- Opening Delimiter -
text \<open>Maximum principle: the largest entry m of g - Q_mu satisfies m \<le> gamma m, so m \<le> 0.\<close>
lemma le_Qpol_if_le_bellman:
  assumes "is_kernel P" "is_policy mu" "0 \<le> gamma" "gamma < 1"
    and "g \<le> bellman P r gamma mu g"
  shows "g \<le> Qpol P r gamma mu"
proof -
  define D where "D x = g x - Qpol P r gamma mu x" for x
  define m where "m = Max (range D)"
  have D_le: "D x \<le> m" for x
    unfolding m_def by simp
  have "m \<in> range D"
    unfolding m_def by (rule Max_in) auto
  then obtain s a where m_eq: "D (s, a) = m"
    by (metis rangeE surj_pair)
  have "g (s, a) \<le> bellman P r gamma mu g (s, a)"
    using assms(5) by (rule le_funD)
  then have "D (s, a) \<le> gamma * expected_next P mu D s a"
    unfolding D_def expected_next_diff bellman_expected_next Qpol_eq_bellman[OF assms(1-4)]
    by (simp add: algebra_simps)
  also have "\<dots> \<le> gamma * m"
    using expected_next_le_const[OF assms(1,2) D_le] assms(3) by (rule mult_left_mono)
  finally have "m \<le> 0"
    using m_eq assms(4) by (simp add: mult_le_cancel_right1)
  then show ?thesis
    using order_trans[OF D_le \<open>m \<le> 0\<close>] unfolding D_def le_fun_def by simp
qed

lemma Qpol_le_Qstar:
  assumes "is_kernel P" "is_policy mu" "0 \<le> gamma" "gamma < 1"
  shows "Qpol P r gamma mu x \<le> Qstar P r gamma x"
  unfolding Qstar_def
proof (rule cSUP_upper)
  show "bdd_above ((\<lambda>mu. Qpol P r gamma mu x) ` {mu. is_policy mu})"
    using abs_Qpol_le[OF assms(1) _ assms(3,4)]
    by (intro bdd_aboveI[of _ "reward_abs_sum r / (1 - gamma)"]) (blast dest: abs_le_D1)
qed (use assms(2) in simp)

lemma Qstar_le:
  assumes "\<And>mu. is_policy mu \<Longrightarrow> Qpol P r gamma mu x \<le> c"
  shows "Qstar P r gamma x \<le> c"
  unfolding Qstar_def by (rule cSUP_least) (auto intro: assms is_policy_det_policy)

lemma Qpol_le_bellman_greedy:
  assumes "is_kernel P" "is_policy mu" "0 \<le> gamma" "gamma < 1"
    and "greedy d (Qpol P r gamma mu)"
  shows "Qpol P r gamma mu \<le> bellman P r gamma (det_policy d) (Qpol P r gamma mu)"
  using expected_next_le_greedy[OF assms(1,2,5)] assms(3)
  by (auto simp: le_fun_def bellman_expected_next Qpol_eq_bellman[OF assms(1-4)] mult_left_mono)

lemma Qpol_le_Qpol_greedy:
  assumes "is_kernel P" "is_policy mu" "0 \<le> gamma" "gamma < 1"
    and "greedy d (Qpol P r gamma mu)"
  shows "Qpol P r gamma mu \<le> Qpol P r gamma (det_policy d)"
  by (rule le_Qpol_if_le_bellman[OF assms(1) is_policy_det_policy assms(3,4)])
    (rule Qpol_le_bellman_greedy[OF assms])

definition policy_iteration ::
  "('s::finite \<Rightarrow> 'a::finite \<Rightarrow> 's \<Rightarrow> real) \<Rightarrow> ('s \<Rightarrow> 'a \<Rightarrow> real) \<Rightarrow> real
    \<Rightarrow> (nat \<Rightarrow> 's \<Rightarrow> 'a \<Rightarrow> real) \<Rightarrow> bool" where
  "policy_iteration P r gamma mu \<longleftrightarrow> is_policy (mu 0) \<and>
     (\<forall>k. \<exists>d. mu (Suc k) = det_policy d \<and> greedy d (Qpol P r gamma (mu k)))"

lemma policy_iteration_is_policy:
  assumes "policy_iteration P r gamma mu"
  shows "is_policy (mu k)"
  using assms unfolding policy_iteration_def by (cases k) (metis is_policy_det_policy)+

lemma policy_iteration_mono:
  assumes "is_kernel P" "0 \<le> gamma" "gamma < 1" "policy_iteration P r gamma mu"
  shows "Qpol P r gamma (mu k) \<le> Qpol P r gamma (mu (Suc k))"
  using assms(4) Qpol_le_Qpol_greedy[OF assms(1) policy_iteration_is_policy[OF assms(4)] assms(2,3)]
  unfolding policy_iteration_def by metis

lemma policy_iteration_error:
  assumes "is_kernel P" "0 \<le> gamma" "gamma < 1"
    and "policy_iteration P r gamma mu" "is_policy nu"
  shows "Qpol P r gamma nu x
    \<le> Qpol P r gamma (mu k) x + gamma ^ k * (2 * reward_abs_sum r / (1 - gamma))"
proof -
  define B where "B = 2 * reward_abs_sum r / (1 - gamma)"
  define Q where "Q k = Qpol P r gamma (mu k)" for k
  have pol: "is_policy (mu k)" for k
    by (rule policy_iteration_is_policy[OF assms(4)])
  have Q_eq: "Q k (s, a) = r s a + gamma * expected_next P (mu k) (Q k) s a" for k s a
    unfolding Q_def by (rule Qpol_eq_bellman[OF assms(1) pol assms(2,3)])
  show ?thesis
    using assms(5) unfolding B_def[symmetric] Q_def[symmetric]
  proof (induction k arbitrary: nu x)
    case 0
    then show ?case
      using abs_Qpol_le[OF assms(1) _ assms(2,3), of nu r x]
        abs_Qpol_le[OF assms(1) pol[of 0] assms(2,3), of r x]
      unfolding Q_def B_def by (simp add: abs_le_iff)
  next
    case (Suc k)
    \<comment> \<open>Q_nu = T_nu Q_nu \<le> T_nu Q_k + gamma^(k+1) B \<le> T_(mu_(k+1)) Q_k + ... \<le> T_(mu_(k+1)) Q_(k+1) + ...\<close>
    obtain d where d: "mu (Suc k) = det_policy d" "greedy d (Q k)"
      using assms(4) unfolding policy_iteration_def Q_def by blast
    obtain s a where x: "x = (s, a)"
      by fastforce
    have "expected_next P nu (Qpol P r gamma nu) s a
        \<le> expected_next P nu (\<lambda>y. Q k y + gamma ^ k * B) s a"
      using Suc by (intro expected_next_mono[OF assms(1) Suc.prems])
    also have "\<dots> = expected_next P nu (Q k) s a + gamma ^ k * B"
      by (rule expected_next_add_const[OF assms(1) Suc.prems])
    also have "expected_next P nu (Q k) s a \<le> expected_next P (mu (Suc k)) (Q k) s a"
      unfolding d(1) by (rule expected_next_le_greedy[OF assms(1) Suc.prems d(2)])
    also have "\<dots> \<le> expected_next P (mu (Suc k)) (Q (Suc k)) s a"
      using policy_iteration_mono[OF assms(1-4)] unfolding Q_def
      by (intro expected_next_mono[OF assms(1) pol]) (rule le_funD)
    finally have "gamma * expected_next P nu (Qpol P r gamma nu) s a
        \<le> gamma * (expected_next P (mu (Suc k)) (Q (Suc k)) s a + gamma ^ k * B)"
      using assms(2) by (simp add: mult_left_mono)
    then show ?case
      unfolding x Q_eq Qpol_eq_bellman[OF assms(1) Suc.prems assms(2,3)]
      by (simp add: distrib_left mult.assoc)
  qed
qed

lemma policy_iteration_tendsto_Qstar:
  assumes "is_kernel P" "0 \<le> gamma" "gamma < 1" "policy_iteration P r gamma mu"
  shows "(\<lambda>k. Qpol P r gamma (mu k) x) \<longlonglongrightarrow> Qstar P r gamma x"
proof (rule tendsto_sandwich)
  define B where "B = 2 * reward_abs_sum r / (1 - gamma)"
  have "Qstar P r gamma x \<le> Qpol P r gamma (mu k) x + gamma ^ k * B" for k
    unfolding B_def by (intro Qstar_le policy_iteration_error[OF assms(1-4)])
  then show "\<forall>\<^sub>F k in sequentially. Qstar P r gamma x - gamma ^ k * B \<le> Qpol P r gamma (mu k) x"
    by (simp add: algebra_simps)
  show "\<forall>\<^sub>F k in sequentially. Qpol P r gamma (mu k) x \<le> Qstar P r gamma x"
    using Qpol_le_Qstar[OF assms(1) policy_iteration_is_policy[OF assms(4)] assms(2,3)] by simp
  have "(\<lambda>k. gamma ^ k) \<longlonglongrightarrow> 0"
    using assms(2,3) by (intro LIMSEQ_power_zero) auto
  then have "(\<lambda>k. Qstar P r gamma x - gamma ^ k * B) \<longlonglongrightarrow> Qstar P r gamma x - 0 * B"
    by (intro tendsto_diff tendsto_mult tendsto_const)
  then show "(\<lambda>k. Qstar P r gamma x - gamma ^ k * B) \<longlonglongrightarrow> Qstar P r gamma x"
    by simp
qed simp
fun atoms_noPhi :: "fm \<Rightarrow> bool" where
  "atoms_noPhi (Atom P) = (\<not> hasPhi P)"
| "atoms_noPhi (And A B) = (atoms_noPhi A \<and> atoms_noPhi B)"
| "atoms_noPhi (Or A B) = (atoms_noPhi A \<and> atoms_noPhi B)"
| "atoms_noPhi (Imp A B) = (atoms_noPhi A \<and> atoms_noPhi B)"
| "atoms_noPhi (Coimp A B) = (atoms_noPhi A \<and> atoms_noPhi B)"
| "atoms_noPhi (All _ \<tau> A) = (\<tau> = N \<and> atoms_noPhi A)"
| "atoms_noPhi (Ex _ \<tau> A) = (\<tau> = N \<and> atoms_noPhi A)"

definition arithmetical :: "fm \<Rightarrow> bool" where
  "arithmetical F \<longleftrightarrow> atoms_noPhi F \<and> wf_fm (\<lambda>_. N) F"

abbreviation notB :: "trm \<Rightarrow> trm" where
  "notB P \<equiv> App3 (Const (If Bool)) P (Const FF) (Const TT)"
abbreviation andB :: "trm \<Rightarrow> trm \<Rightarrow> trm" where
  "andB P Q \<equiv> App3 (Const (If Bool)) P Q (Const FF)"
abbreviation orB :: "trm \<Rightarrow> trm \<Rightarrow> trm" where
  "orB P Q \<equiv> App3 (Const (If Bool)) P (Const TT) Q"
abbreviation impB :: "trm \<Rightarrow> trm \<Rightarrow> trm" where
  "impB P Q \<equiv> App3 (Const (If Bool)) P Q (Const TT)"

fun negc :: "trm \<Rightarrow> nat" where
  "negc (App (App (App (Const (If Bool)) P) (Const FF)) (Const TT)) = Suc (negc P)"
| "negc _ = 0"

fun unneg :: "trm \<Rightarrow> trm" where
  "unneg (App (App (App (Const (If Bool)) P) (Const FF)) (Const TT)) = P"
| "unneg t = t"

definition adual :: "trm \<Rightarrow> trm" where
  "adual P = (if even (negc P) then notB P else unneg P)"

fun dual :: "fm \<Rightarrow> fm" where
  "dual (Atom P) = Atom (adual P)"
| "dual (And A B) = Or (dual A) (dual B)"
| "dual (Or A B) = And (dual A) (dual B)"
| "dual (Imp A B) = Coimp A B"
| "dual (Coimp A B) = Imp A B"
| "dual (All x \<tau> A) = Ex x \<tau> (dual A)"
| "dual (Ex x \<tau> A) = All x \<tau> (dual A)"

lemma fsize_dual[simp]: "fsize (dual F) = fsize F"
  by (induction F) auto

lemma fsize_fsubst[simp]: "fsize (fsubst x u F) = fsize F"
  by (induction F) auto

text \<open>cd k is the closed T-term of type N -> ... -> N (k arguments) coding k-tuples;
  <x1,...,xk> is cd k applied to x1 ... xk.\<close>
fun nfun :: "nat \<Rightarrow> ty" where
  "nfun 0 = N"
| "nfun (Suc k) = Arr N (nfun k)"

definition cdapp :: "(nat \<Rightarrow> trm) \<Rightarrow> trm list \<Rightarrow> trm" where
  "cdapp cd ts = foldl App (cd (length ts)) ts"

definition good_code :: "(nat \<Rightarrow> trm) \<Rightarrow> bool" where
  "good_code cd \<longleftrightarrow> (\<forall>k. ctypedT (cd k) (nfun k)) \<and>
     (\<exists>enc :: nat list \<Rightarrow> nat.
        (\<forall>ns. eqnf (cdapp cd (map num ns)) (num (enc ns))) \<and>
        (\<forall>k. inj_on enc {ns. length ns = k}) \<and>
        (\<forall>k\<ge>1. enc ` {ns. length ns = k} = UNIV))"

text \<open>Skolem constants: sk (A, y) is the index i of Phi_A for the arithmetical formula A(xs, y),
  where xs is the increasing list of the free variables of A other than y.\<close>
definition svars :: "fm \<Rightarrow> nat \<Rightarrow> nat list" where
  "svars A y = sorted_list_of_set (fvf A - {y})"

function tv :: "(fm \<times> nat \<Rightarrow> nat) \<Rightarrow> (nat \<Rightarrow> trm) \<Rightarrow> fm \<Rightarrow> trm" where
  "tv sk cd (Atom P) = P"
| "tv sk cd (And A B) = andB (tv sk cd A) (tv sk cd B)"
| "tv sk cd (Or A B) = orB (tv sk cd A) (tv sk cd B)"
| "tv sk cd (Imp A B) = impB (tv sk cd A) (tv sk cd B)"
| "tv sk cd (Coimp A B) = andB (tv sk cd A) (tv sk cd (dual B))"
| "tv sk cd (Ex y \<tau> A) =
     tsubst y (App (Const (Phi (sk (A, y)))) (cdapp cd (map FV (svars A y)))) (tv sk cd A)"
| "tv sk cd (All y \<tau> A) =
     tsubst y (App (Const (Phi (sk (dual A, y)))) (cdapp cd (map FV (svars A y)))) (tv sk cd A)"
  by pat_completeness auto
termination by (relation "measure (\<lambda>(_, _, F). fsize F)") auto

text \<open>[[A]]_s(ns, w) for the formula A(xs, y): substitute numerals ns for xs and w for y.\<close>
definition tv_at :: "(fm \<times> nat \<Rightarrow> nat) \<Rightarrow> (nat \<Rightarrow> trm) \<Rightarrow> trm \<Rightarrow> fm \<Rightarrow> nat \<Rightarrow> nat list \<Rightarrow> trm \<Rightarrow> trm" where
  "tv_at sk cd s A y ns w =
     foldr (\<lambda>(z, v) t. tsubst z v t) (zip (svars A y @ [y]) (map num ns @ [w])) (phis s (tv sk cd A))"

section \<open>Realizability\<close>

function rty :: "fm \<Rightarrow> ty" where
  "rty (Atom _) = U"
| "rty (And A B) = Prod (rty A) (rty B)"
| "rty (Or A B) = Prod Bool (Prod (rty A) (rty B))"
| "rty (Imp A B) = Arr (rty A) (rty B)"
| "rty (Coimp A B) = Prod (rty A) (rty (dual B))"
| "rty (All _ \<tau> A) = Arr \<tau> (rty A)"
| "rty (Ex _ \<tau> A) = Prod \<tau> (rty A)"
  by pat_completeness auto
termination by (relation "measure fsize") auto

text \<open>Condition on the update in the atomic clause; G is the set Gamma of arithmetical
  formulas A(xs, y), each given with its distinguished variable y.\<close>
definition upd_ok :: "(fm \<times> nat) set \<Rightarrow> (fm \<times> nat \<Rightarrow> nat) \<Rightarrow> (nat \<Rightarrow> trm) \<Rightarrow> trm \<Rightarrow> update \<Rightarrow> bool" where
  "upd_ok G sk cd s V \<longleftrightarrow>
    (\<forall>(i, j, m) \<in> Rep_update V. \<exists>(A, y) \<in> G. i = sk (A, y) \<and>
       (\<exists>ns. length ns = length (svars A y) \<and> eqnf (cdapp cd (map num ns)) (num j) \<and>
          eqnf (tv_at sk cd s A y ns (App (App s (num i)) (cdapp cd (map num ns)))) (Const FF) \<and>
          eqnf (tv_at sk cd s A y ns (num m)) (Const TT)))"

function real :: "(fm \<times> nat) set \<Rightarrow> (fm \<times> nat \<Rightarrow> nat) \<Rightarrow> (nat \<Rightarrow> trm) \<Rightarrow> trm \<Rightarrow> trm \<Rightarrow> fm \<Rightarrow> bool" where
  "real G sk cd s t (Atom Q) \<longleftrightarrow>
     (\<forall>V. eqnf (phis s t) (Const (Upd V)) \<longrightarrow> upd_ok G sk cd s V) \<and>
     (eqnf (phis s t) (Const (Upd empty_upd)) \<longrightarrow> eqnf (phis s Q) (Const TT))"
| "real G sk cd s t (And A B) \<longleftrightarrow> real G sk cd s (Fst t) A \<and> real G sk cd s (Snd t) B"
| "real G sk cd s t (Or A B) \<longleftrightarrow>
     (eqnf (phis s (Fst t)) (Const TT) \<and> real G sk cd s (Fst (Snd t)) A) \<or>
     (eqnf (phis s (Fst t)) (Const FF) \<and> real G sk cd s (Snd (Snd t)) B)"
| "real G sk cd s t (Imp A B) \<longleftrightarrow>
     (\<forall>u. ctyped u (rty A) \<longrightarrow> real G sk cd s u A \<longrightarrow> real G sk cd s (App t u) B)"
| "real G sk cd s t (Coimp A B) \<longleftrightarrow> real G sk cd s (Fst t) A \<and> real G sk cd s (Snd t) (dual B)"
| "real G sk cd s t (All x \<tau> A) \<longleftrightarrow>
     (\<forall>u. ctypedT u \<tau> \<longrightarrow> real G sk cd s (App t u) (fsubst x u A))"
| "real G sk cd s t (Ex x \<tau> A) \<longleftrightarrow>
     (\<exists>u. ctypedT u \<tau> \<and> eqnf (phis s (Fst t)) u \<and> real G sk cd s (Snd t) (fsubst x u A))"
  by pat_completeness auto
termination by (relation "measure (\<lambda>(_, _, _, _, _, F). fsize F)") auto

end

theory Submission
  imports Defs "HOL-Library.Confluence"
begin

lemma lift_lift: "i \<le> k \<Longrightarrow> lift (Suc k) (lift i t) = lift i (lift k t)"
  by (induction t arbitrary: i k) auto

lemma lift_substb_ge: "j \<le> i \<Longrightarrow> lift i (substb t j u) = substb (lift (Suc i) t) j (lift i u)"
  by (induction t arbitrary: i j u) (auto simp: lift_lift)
- Closing Delimiter -
• _Exercise directions_:
Exact reproduction of the lines from the top of the material through the line where "a) \<le> gamma" appears is required, both boundary lines included, with no other output.

• _Result of this task_:
text \<open>Maximum principle: the largest entry m of g - Q_mu satisfies m \<le> gamma m, so m \<le> 0.\<close>
lemma le_Qpol_if_le_bellman:
  assumes "is_kernel P" "is_policy mu" "0 \<le> gamma" "gamma < 1"
    and "g \<le> bellman P r gamma mu g"
  shows "g \<le> Qpol P r gamma mu"
proof -
  define D where "D x = g x - Qpol P r gamma mu x" for x
  define m where "m = Max (range D)"
  have D_le: "D x \<le> m" for x
    unfolding m_def by simp
  have "m \<in> range D"
    unfolding m_def by (rule Max_in) auto
  then obtain s a where m_eq: "D (s, a) = m"
    by (metis rangeE surj_pair)
  have "g (s, a) \<le> bellman P r gamma mu g (s, a)"
    using assms(5) by (rule le_funD)
  then have "D (s, a) \<le> gamma * expected_next P mu D s a"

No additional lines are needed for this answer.